To sum it up, oAuth client (our web application) creates a random string, stores it in an accessible place and also sends it to the oAuth provider (Ex : Facebook) as "state" during the request phase. Facebook will keep it, authenticate the end user, ask for permissions and when granted sends a callback to our web application by redirecting the user back to our website "with the state" as a query parameter. The client (our web application) compares the "state" sent by the provider and the one it had stored previously and proceeds only if they match. If they don't then there is no proof that the callback that our web application received is actually from the provider. It could be from some other attacker trying to trick our web application into thinking (s)he is someone else.
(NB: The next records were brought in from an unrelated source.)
(* Let $N \ge 2$ and let $\alpha = (\alpha_1,\dots,\alpha_N) : \mathbb{R}^{3N} \to \mathbb{R}^N$ be a $C^\infty$ map. Then the sortlet $\Psi_\alpha : \mathbb{R}^{3N} \to \mathbb{R}$ (defined in the context) is continuously once-differentiable on $\mathbb{R}^{3N}$, i.e. all first partial derivatives $\partial \Psi_\alpha / \partial r^i$ exist and are continuous on $\mathbb{R}^{3N}$.
   Context: Write points of $\mathbb{R}^{3N}$ as $r = (r_1,\dots,r_N)$ with $r_i \in \mathbb{R}^3$. Sortlet: at a configuration $r$ where the values $\alpha_1(r),\dots,\alpha_N(r)$ are pairwise distinct, let $\pi_\alpha$ be the unique permutation of $\{1,\dots,N\}$ with $\alpha_{\pi_\alpha(1)}(r) < \dots < \alpha_{\pi_\alpha(N)}(r)$ (the permutation sorting $\alpha(r)$), and set $$\Psi_\alpha(r) = \sigma(\pi_\alpha) \prod_{i=1}^{N-1} \big(\alpha_{\pi_\alpha(i+1)}(r) - \alpha_{\pi_\alpha(i)}(r)\big),$$ where $\sigma(\pi) \in \{+1,-1\}$ is the sign (parity) of $\pi$. At configurations where two of the values $\alpha_i(r)$ coincide, the product of consecutive sorted differences vanishes and $\Psi_\alpha(r) = 0$. *)

theory Defs
  imports "HOL-Analysis.Analysis"
begin

fun Ck :: "nat \<Rightarrow> ('a::euclidean_space \<Rightarrow> real) \<Rightarrow> bool" where
  "Ck 0 f = continuous_on UNIV f"
| "Ck (Suc k) f = (continuous_on UNIV f \<and>
     (\<forall>b\<in>Basis. \<exists>g. (\<forall>x. ((\<lambda>t. f (x + t *\<^sub>R b)) has_real_derivative g x) (at 0)) \<and> Ck k g))"

definition smooth_fun :: "('a::euclidean_space \<Rightarrow> real) \<Rightarrow> bool" where
  "smooth_fun f = (\<forall>k. Ck k f)"

definition idx :: "nat \<Rightarrow> 'n::{finite,linorder}" where
  "idx i = sorted_list_of_set (UNIV :: 'n set) ! i"

text \<open>Sorting permutation of the index type: p is the permutation such that
  a < b implies alpha_(p a) < alpha_(p b); the paper's pi_alpha(i+1) is p (idx i).\<close>
definition sortperm :: "(((real,3) vec,'n::{finite,linorder}) vec \<Rightarrow> (real,'n) vec) \<Rightarrow> ((real,3) vec,'n) vec \<Rightarrow> ('n \<Rightarrow> 'n)" where
  "sortperm \<alpha> r = (THE p. p permutes UNIV \<and>
      (\<forall>a b. a < b \<longrightarrow> \<alpha> r $ p a < \<alpha> r $ p b))"

definition sortlet :: "(((real,3) vec,'n::{finite,linorder}) vec \<Rightarrow> (real,'n) vec) \<Rightarrow> ((real,3) vec,'n) vec \<Rightarrow> real" where
  "sortlet \<alpha> r =
     (if inj (\<lambda>i. \<alpha> r $ i)
      then (let p = sortperm \<alpha> r in
            of_int (sign p) *
            (\<Prod>i<CARD('n) - 1. \<alpha> r $ p (idx (Suc i)) - \<alpha> r $ p (idx i)))
      else 0)"

end

theory Submission
  imports Defs
begin

(* Sort a vector a of R^N by a weakly sorting permutation s, so that a_s(1) <= ... <= a_s(N).
   The signed product of consecutive gaps sign(s) * prod_k (a_s(k+1) - a_s(k)) does not depend
   on the choice of s, since different choices exist only when some gap vanishes. Neither does
   its derivative: with two vanishing gaps every term of the product rule vanishes, and with
   exactly one, two admissible choices of s differ by the transposition of the tied entries,
   which flips both sign(s) and the derivative of the vanishing gap. Every sorting permutation
   of a vector close to a also sorts a, so near a the sortlet agrees with one of finitely many
   polynomials, all with the same value and derivative at a. Hence the sortlet and its
   derivative along C^1 curves are continuous, and composing with alpha gives the theorem. *)

lemma length_sorted_list_of_UNIV:
  "length (sorted_list_of_set (UNIV :: 'n::{finite,linorder} set)) = CARD('n)"
  by (simp add: length_sorted_list_of_set)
In case of OmniAuth oAuth2, this state parameter is stored as a property in the session with the key 'omniauth.state' during the request phase. The result of the request phase is a redirect to the provider's URL. The new session with the "state" stored in it will be set on the client's browser when it receives this redirect (302) response for the request /auth/:provider (This is the default OmniAuth route to initiate the request phase). After the provider (Facebook) authenticates the user and user authorizes our application, the provider makes a callback to our application by redirecting the user back to our web application at the callback URL /auth/:provider/callback along with the "state" as a query parameter. When this callback URL is requested by the browser, the previously stored session cookie containing the 'omniauth.state' property is also sent to our web application.

OmniAuth checks both of these and proceeds only if they match. If they don't match it raises the above mentioned "Invalid Credentials" error. (Yeah, I know, not really a helpful error message..!).
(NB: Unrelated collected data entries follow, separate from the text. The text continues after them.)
(* Let $\tilde S\subseteq\mathfrak P$ and $a,b\in\mathcal C_{\mathfrak P}(\tilde S)$ with $\omega_{\tilde S}(a)<\omega_{\tilde S}(b)$. Then $\omega_{\tilde S}(a\cdot b)=\omega_{\tilde S}(a)$.
   Context: $\mathfrak P$ is the group of $N$-qubit Pauli operators modulo phases; $\mathcal C_{\mathfrak P}(\tilde S)$ is the centralizer of $\tilde S$ in $\mathfrak P$. The weight of a Pauli operator is its number of non-identity tensor factors. For $l\in\mathcal C_{\mathfrak P}(\tilde S)$, $\omega_{\tilde S}(l)$ is the minimum weight of an operator $e\in\mathcal C_{\mathfrak P}(\tilde S)$ that anticommutes with $l$, with value $+\infty$ if no such $e$ exists. *)

theory Defs
  imports Main "HOL-Library.Extended_Nat"
begin

text \<open>Single-qubit Pauli operators modulo phases.\<close>
datatype pauli1 = PI | PX | PY | PZ

fun pmult1 :: "pauli1 \<Rightarrow> pauli1 \<Rightarrow> pauli1" where
  "pmult1 PI q = q"
| "pmult1 p PI = p"
| "pmult1 PX PX = PI" | "pmult1 PY PY = PI" | "pmult1 PZ PZ = PI"
| "pmult1 PX PY = PZ" | "pmult1 PY PX = PZ"
| "pmult1 PX PZ = PY" | "pmult1 PZ PX = PY"
| "pmult1 PY PZ = PX" | "pmult1 PZ PY = PX"

text \<open>N-qubit Paulis modulo phases: the qubits are indexed by a finite type 'n (N = CARD('n)).\<close>
type_synonym 'n pauli = "'n \<Rightarrow> pauli1"

definition pmult :: "'n pauli \<Rightarrow> 'n pauli \<Rightarrow> 'n pauli" where
  "pmult p q = (\<lambda>i. pmult1 (p i) (q i))"

text \<open>Two N-qubit Paulis anticommute iff they anticommute on an odd number of qubits.\<close>
definition anticommute :: "('n::finite) pauli \<Rightarrow> 'n pauli \<Rightarrow> bool" where
  "anticommute p q = odd (card {i. p i \<noteq> PI \<and> q i \<noteq> PI \<and> p i \<noteq> q i})"

definition weight :: "('n::finite) pauli \<Rightarrow> nat" where
  "weight p = card {i. p i \<noteq> PI}"

definition centralizer :: "('n::finite) pauli set \<Rightarrow> 'n pauli set" where
  "centralizer S = {e. \<forall>s\<in>S. \<not> anticommute e s}"

text \<open>omega S l: minimum weight of e in the centralizer anticommuting with l; infinity if none
  (Inf of the empty set of enat is infinity).\<close>
definition omega :: "('n::finite) pauli set \<Rightarrow> 'n pauli \<Rightarrow> enat" where
  "omega S l = (INF e\<in>{e\<in>centralizer S. anticommute e l}. enat (weight e))"

end

theory Submission
  imports Defs
begin

text \<open>Anticommutation is a symplectic form over GF(2): it is additive in each argument
  (qubit-wise, the Klein four-group commutation pattern is bilinear). Hence if every
  \<open>e\<close> of weight below \<open>\<omega>(b)\<close> commutes with \<open>b\<close>, such an \<open>e\<close> anticommutes with \<open>a b\<close> exactly
  when it anticommutes with \<open>a\<close>; since \<open>\<omega>(a) < \<omega>(b)\<close>, both minima are attained below that
  threshold and so coincide.\<close>

definition anticommute1 :: "pauli1 \<Rightarrow> pauli1 \<Rightarrow> bool" where
  "anticommute1 p q \<longleftrightarrow> p \<noteq> PI \<and> q \<noteq> PI \<and> p \<noteq> q"

lemma anticommute1_pmult1:
  "anticommute1 e (pmult1 p q) \<longleftrightarrow> anticommute1 e p \<noteq> anticommute1 e q"
  by (cases e; cases p; cases q) (simp_all add: anticommute1_def)

lemma anticommute_iff_odd_card_anticommute1:
  "anticommute p q \<longleftrightarrow> odd (card {i. anticommute1 (p i) (q i)})"
  unfolding anticommute_def anticommute1_def ..

lemma odd_card_Collect_neq:
  fixes P Q :: "'n::finite \<Rightarrow> bool"
  shows "odd (card {i. P i \<noteq> Q i}) \<longleftrightarrow> odd (card {i. P i}) \<noteq> odd (card {i. Q i})"
proof -
  let ?A = "{i. P i}" and ?B = "{i. Q i}"
  have "{i. P i \<noteq> Q i} = (?A - ?A \<inter> ?B) \<union> (?B - ?A \<inter> ?B)" by auto
  then have "card {i. P i \<noteq> Q i} = (card ?A - card (?A \<inter> ?B)) + (card ?B - card (?A \<inter> ?B))"
    by (simp only:) (subst card_Un_disjoint; auto simp: card_Diff_subset)
  moreover have "card (?A \<inter> ?B) \<le> card ?A" "card (?A \<inter> ?B) \<le> card ?B"
    by (auto intro: card_mono)
  ultimately show ?thesis by auto
qed

lemma anticommute_pmult:
  "anticommute e (pmult p q) \<longleftrightarrow> anticommute e p \<noteq> anticommute e q"
  using odd_card_Collect_neq[of "\<lambda>i. anticommute1 (e i) (p i)" "\<lambda>i. anticommute1 (e i) (q i)"]
  by (simp add: anticommute_iff_odd_card_anticommute1 pmult_def anticommute1_pmult1)

lemma omega_le_weight:
  assumes "e \<in> centralizer S" and "anticommute e l"
  shows "omega S l \<le> enat (weight e)"
  unfolding omega_def using assms by (auto intro: INF_lower)

lemma le_omega:
  assumes "\<And>e. e \<in> centralizer S \<Longrightarrow> anticommute e l \<Longrightarrow> x \<le> enat (weight e)"
  shows "x \<le> omega S l"
  unfolding omega_def using assms by (auto intro: INF_greatest)

lemma omega_attained:
  assumes "omega S l < \<infinity>"
  obtains e where "e \<in> centralizer S" and "anticommute e l" and "omega S l = enat (weight e)"
proof -
  let ?A = "{e \<in> centralizer S. anticommute e l}"
  let ?W = "(\<lambda>e. enat (weight e)) ` ?A"
  have "?W \<noteq> {}"
  proof
    assume "?W = {}"
    then have "omega S l = \<infinity>"
      unfolding omega_def Inf_enat_def by (rule if_P)
    with assms show False by simp
  qed
  then have "omega S l = (LEAST x. x \<in> ?W)"
    unfolding omega_def Inf_enat_def by (rule if_not_P)
  moreover obtain w where "w \<in> ?W"
    using \<open>?W \<noteq> {}\<close> by blast
  then have "(LEAST x. x \<in> ?W) \<in> ?W" by (rule LeastI)
  ultimately obtain e where "e \<in> ?A" and "omega S l = enat (weight e)"
    by auto
  then show thesis
    using that by blast
qed

lemma omega_eq_if_anticommute_agree_below:
  assumes agree: "\<And>e. e \<in> centralizer S \<Longrightarrow> enat (weight e) < t \<Longrightarrow>
      anticommute e l' \<longleftrightarrow> anticommute e l"
    and below: "omega S l < t"
  shows "omega S l' = omega S l"
proof (rule antisym)
  have "omega S l < \<infinity>"
    using below by (rule less_le_trans) simp
  then obtain e where e: "e \<in> centralizer S" "anticommute e l" "omega S l = enat (weight e)"
    by (rule omega_attained)
  then have "anticommute e l'"
    using agree below by simp
  then show "omega S l' \<le> omega S l"
    using omega_le_weight[OF e(1)] e(3) by simp
next
  show "omega S l \<le> omega S l'"
  proof (rule le_omega)
    fix e assume e: "e \<in> centralizer S" "anticommute e l'"
    show "omega S l \<le> enat (weight e)"
    proof (cases "enat (weight e) < t")
      case True
      with e agree have "anticommute e l" by blast
      with e(1) show ?thesis by (rule omega_le_weight)
    next
      case False
      then show ?thesis using below by simp
    qed
  qed
qed

lemma commute_if_weight_less_omega:
  assumes "e \<in> centralizer S" and "enat (weight e) < omega S b"
  shows "\<not> anticommute e b"
  using omega_le_weight assms by fastforce

theorem lemma3:
  fixes S :: "('n::finite) pauli set" and a b :: "'n pauli"
  assumes "a \<in> centralizer S" and "b \<in> centralizer S"
    and "omega S a < omega S b"
  shows "omega S (pmult a b) = omega S a"
proof (rule omega_eq_if_anticommute_agree_below)
  fix e assume "e \<in> centralizer S" "enat (weight e) < omega S b"
  then show "anticommute e (pmult a b) \<longleftrightarrow> anticommute e a"
    by (simp add: anticommute_pmult commute_if_weight_less_omega)
qed (fact assms(3))

end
Ok, that is good to hear, but why will there be a mismatch?

A mismatch is possible only if the session cookie stored on the user's browser is changed such that the 'omniauth.state' property is removed from it or altered after the request phase has set it. This can happen if a second request to our web application was initiated while the request phase of oAuth was running and it completed after the request phase completed but before the callback phase started. Sounds complex? The diagram below illustrates it.

The diagram makes it clear as to when and how the 'omniauth.state' gets removed from the session leading to the error. However, apart from the timeline requirements (i.e. when requests start and end), there is another essential criteria for this error to occur :

The response of the "other simultaneous request" must set a new session cookie, overriding the existing one. If it does not explicitly specify a session cookie in the response headers, the client's browser will retain the existing cookie and 'omniauth.state' will be preserved in the session.

Now, from what I have observed, Rails (or one of Rack middlewares) has this nifty feature of not serializing the session and setting the session cookie in the response headers, if the session has not changed in the course of processing a request. So, in our case, if the intermediate simultaneous request does not make any changes to the session, Rails will not explicitly set the session cookie, there by preventing the loss of 'omniauth.state' property in the session.

Ok, then why will the session cookie change and lose the 'omniauth.state' property?

One obvious thing is that the "other simultaneous request" might change the session - either add or remove or edit any of the properties. There however is another player involved.

This is where the "Encrypted Cookie Store" of Rails 4 comes into picture. Prior to Rails 4, Rails did not encrypt its session cookie. It merely signed it and verified the signature when it had to de-serialize the session from the request cookie. Read how Rails 3 handles cookies for a detailed breakdown. Rails 4 goes one step ahead and encrypts the session data with AES-256 (along with the old signing mechanism. More details on that coming up in a new post). The implementation used is AES-256-CBC from OpenSSL. I am not a Cryptography expert, but the way I understand it, the property of AES is that it results in a different cipher text every time you run the encryption for the same message plain text. Or it could also be because the Rails encryption scheme initializes the encryptor with a random initialization vector every time it encrypts a session (Implementation here). Either ways, the session cookie contents are always new for every request even when the actual session object or session contents remain unchanged. As a result Rails will always set the session cookie in the response header for every request and result in the browser updating that cookie in its cookie store.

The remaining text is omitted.